Fine-tuning of gene expression stabilizes developmental traits

The origins and consequences of gene expression noise have been extensively studied in single celled organisms [1012], but less so in multicellular organisms [35], including plants [13]. In 2006, Hornstein and Shomron [36] hypothesized that microRNAs (miRNAs) may reduce gene expression noise and sharpen developmental transitions. In particular, feed-forward loops, in which a transcription factor regulates both a target and its miRNA with opposing effects on target protein levels, were predicted to buffer stochastic expression fluctuations [36]. As plant miRNAs tend to target key transcription factor and F-box genes, they modulate developmental transitions, variation in leaf morphogenesis, reproductive development, and root architecture [37]. miRNAs have recently been shown to facilitate robustness. For example, miRNA164 miRNAs control plant development by dampening transcript accumulation of their targets CUC1 and CUC2, wherever expression of miRNAs and targets overlap. miRNA164 miRNAs define boundaries for target mRNA accumulation in addition to reducing target expression levels [38].

In plants, small RNA-dependent regulation of gene expression is not limited to miRNAs – in fact, there are many plant-specific small interfering RNAs (siRNAs), some of which are mobile and facilitate robust pattern formation. Chitwood and co-authors [39] demonstrated that a subset of trans-acting siRNAs (tasiRNAs), the low-abundant and conserved tasiR-ARFs, move intercellularly from the upper leaf side (adaxial), where they originate, to the lower leaf side (abaxial), generating a small RNA gradient that defines the expression boundaries of the abaxial determinant ARF3. tasiR-ARF biogenesis requires both miRNA activity (miR390) and siRNA pathway components, including the specialized Argonaute AGO7. Although miR390 accumulates in a seemingly non-specific pattern throughout the developing leaf, tasiR-ARF biogenesis is restricted to the most adaxial leaf cell layers by the localized expression of AGO7 [39]. Consistent with the notion that the tasiR-ARF gradient mediates robust adaxial-abaxial fate decision, ago7 mutants show significantly increased variance in adaxial leaf width (Fig. 2d–g).

Robust flower development through combinatorial gene interaction

In core eudicots, flower organs – sepals, petals, stamens and carpels – are organized in four concentric whorls, giving rise to a highly reproducible pattern that attracts pollinators and human admirers. First proposed for A. thaliana and Antirrhinum majus, the ABC model describes how three classes (A, B, and C) of homeotic transcription factors pattern flowers through antagonistic and combinatorial interactions [40] (Fig. 1c–f). The ABC model is conserved in flowering plants, with different flower phenotypes arising from fading expression boundaries and gene duplication or loss of the A, B, and C class transcription factor genes [41]. In the original model, A and C activities are mutually exclusive, establishing the boundary between the sterile outer whorls (perianth, A function) and the reproductive inner whorls (C function) [40]. Curiously, the A gene AP2 is uniformly expressed throughout young floral primordia. Wollmann and co-authors [42] reconciled this paradox with the discovery that miR172 and AP2 expression overlap transiently, which restricts AP2 activity and reinforces the robust boundary between perianth and reproductive organs (Fig. 1c). Robust boundaries may also be facilitated by the oligomerization dynamics of A, B, C, and E class proteins. The floral quartet hypothesis [43] proposes the existence of tetrameric complexes of various ABCE proteins (floral quartets). The increased cooperativity and the higher local concentrations of specific A, B, C. and E class proteins involved in tetramer formation are predicted to sharpen organ identity boundaries.

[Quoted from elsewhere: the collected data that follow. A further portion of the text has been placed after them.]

lemma snr_peak_le_1_iff:
  assumes "0 < n" "0 < k" "n * k < 1" "0 < Ca" "0 < Ct" "2 \<le> J"
  shows "snr_peak J ((n * k)\<^sup>2) Ca Ct \<le> 1 \<longleftrightarrow>
    (Ct / Ca) powr (1 / (2 * (real J - 1))) / k \<le> n"
proof -
  have q: "0 < (n * k)\<^sup>2" "(n * k)\<^sup>2 < 1"
    using assms by (auto simp: power_less_one_iff)
  have "snr_peak J ((n * k)\<^sup>2) Ca Ct \<le> 1 \<longleftrightarrow>
      ln (Ct / Ca) \<le> 2 * (real J - 1) * ln (n * k)"
    unfolding snr_peak_le_iff[OF q assms(4,5)] ln_realpow
    using assms by (simp add: ln_divide_pos algebra_simps)
  also have "\<dots> \<longleftrightarrow> (Ct / Ca) powr (1 / (2 * (real J - 1))) / k \<le> n"
    using assms by (intro powr_inverse_div_le_iff[symmetric]) auto
  finally show ?thesis .
qed

theorem proposition1:
  fixes J Np Na :: nat and Pt Pa M \<kappa>B \<kappa>U \<kappa>I \<sigma>2 :: real
  assumes hJ: "J \<ge> 2" and hNp: "Np > 0" and hNa: "Na > 0"
    and pos: "Pt > 0" "Pa > 0" "M > 0" "\<kappa>B > 0" "\<kappa>U > 0" "\<kappa>I > 0" "\<sigma>2 > 0"
    and hlt: "real Np * \<kappa>I < 1"
  defines "Ca \<equiv> Pa * real Na * \<kappa>U ^ 2"
    and "Ct \<equiv> Pt * M * \<kappa>B ^ 2"
  defines "\<gamma> \<equiv> snr_gamma J (real Na) (real Np * \<kappa>I) Ca Ct \<sigma>2"
    and "lt \<equiv> (real J + 1) / 2 + ln (Ca / Ct) / (2 * ln ((real Np)\<^sup>2 * \<kappa>I\<^sup>2))"
  shows
    "(Ca < Ct \<longrightarrow>
        (real Np < (Ca / Ct) powr (1 / (2 * (real J - 1))) / \<kappa>I \<longrightarrow>
           (\<forall>l. is_opt \<gamma> {nat \<lfloor>lt\<rfloor>, nat \<lceil>lt\<rceil>} l \<longrightarrow> is_opt \<gamma> {1..J} l)) \<and>
        ((Ca / Ct) powr (1 / (2 * (real J - 1))) / \<kappa>I \<le> real Np \<longrightarrow>
           is_opt \<gamma> {1..J} J)) \<and>
     (Ca = Ct \<longrightarrow>
        (\<forall>l. is_opt \<gamma> {nat \<lfloor>(real J + 1) / 2\<rfloor>, nat \<lceil>(real J + 1) / 2\<rceil>} l \<longrightarrow>
             is_opt \<gamma> {1..J} l)) \<and>
     (Ca > Ct \<longrightarrow>
        (real Np < (Ct / Ca) powr (1 / (2 * (real J - 1))) / \<kappa>I \<longrightarrow>
           (\<forall>l. is_opt \<gamma> {nat \<lfloor>lt\<rfloor>, nat \<lceil>lt\<rceil>} l \<longrightarrow> is_opt \<gamma> {1..J} l)) \<and>
        ((Ct / Ca) powr (1 / (2 * (real J - 1))) / \<kappa>I \<le> real Np \<longrightarrow>
           is_opt \<gamma> {1..J} 1))"
proof -
  have n: "0 < real Np" using hNp by simp
  have x: "0 < real Np * \<kappa>I" "real Np * \<kappa>I < 1" using n pos hlt by auto
  have q: "0 < (real Np * \<kappa>I)\<^sup>2" "(real Np * \<kappa>I)\<^sup>2 < 1"
    using x hNp by (auto simp: power_less_one_iff)
  have Ca: "Ca > 0" and Ct: "Ct > 0" unfolding Ca_def Ct_def using pos hNa by auto
  have lt: "lt = snr_peak J ((real Np * \<kappa>I)\<^sup>2) Ca Ct"
    unfolding lt_def snr_peak_def by (simp add: power_mult_distrib)
  have peak: "unimodal_peak \<gamma> J lt"
    unfolding \<gamma>_def lt using snr_gamma_unimodal_peak[OF x Ca Ct] hNp hNa pos by simp
  note J_le_lt = J_le_snr_peak_iff[OF n pos(6) hlt Ca Ct hJ, folded lt]
  note lt_le_1 = snr_peak_le_1_iff[OF n pos(6) hlt Ca Ct hJ, folded lt]
  show ?thesis
  proof (intro conjI impI allI)
    assume "Ca < Ct"
    then have "1 \<le> lt" unfolding lt using q Ca hJ by (intro one_le_snr_peak) auto
    show "is_opt \<gamma> {1..J} l" if "real Np < (Ca / Ct) powr (1 / (2 * (real J - 1))) / \<kappa>I"
      and "is_opt \<gamma> {nat \<lfloor>lt\<rfloor>, nat \<lceil>lt\<rceil>} l" for l
      using unimodal_peak_is_opt_floor_ceiling[OF peak \<open>1 \<le> lt\<close> _ that(2)] that(1) J_le_lt
      by (metis linorder_linear not_le)
    show "is_opt \<gamma> {1..J} J" if "(Ca / Ct) powr (1 / (2 * (real J - 1))) / \<kappa>I \<le> real Np"
      using unimodal_peak_is_opt_last[OF peak] that J_le_lt hJ by simp
  next
    fix l assume "Ca = Ct" and opt: "is_opt \<gamma> {nat \<lfloor>(real J + 1) / 2\<rfloor>, nat \<lceil>(real J + 1) / 2\<rceil>} l"
    then have "lt = (real J + 1) / 2" unfolding lt_def using Ca by simp
    with peak have "unimodal_peak \<gamma> J ((real J + 1) / 2)" by simp
    then show "is_opt \<gamma> {1..J} l"
      by (rule unimodal_peak_is_opt_floor_ceiling[OF _ _ _ opt]) (use hJ in auto)
  next
    assume "Ct < Ca"
    then have "lt \<le> real J" unfolding lt using q Ct hJ by (intro snr_peak_le_J) auto
    show "is_opt \<gamma> {1..J} l" if "real Np < (Ct / Ca) powr (1 / (2 * (real J - 1))) / \<kappa>I"
      and "is_opt \<gamma> {nat \<lfloor>lt\<rfloor>, nat \<lceil>lt\<rceil>} l" for l
      using unimodal_peak_is_opt_floor_ceiling[OF peak _ \<open>lt \<le> real J\<close> that(2)] that(1) lt_le_1
      by (metis linorder_linear not_le)
    show "is_opt \<gamma> {1..J} 1" if "(Ct / Ca) powr (1 / (2 * (real J - 1))) / \<kappa>I \<le> real Np"
      using unimodal_peak_is_opt_first[OF peak] that lt_le_1 hJ by simp
  qed
qed

end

Population genetics and large-scale phenotypic data demonstrate the role of genetic architecture in robustness

Hall and co-authors [16] mapped the first quantitative trait loci (QTL) for trait robustness rather than trait mean in two recombinant inbred populations (RILs), estimating within-genotype robustness with Levene’s statistic. They identified 22 robustness QTL across five developmental traits in two conditions. Of these, only three QTL affected exclusively trait robustness, whereas all the others coincided with mean QTL. This strong correlation of robustness and mean QTL agrees with Waddington’s view that decreased robustness is associated with decreased function [16]. Nearly half of the robustness QTL were linked to ERECTA, for which a mutant allele segregated in both RILs. ERECTA controls aerial organogenesis, and erecta mutants show strong pleiotropic phenotypes [44,45]. Using the same approach, Sangster and colleagues [18] mapped robustness QTL for two seedling traits in control and HSP90-reduced conditions, including a third RIL population without a segregating erecta-allele. Most robustness QTL did not coincide with mean QTL under control conditions. In contrast, under HSP90-reduced conditions, mean QTL strongly correlated with robustness QTL, consistent with Waddington’s notion that newly released variants are poorly buffered [3]. As in the previous study, heritability of robustness QTL was significantly lower than for mean QTL. Both studies provided empirical evidence for network elements that stabilize particular traits, which was subsequently also shown in maize [46].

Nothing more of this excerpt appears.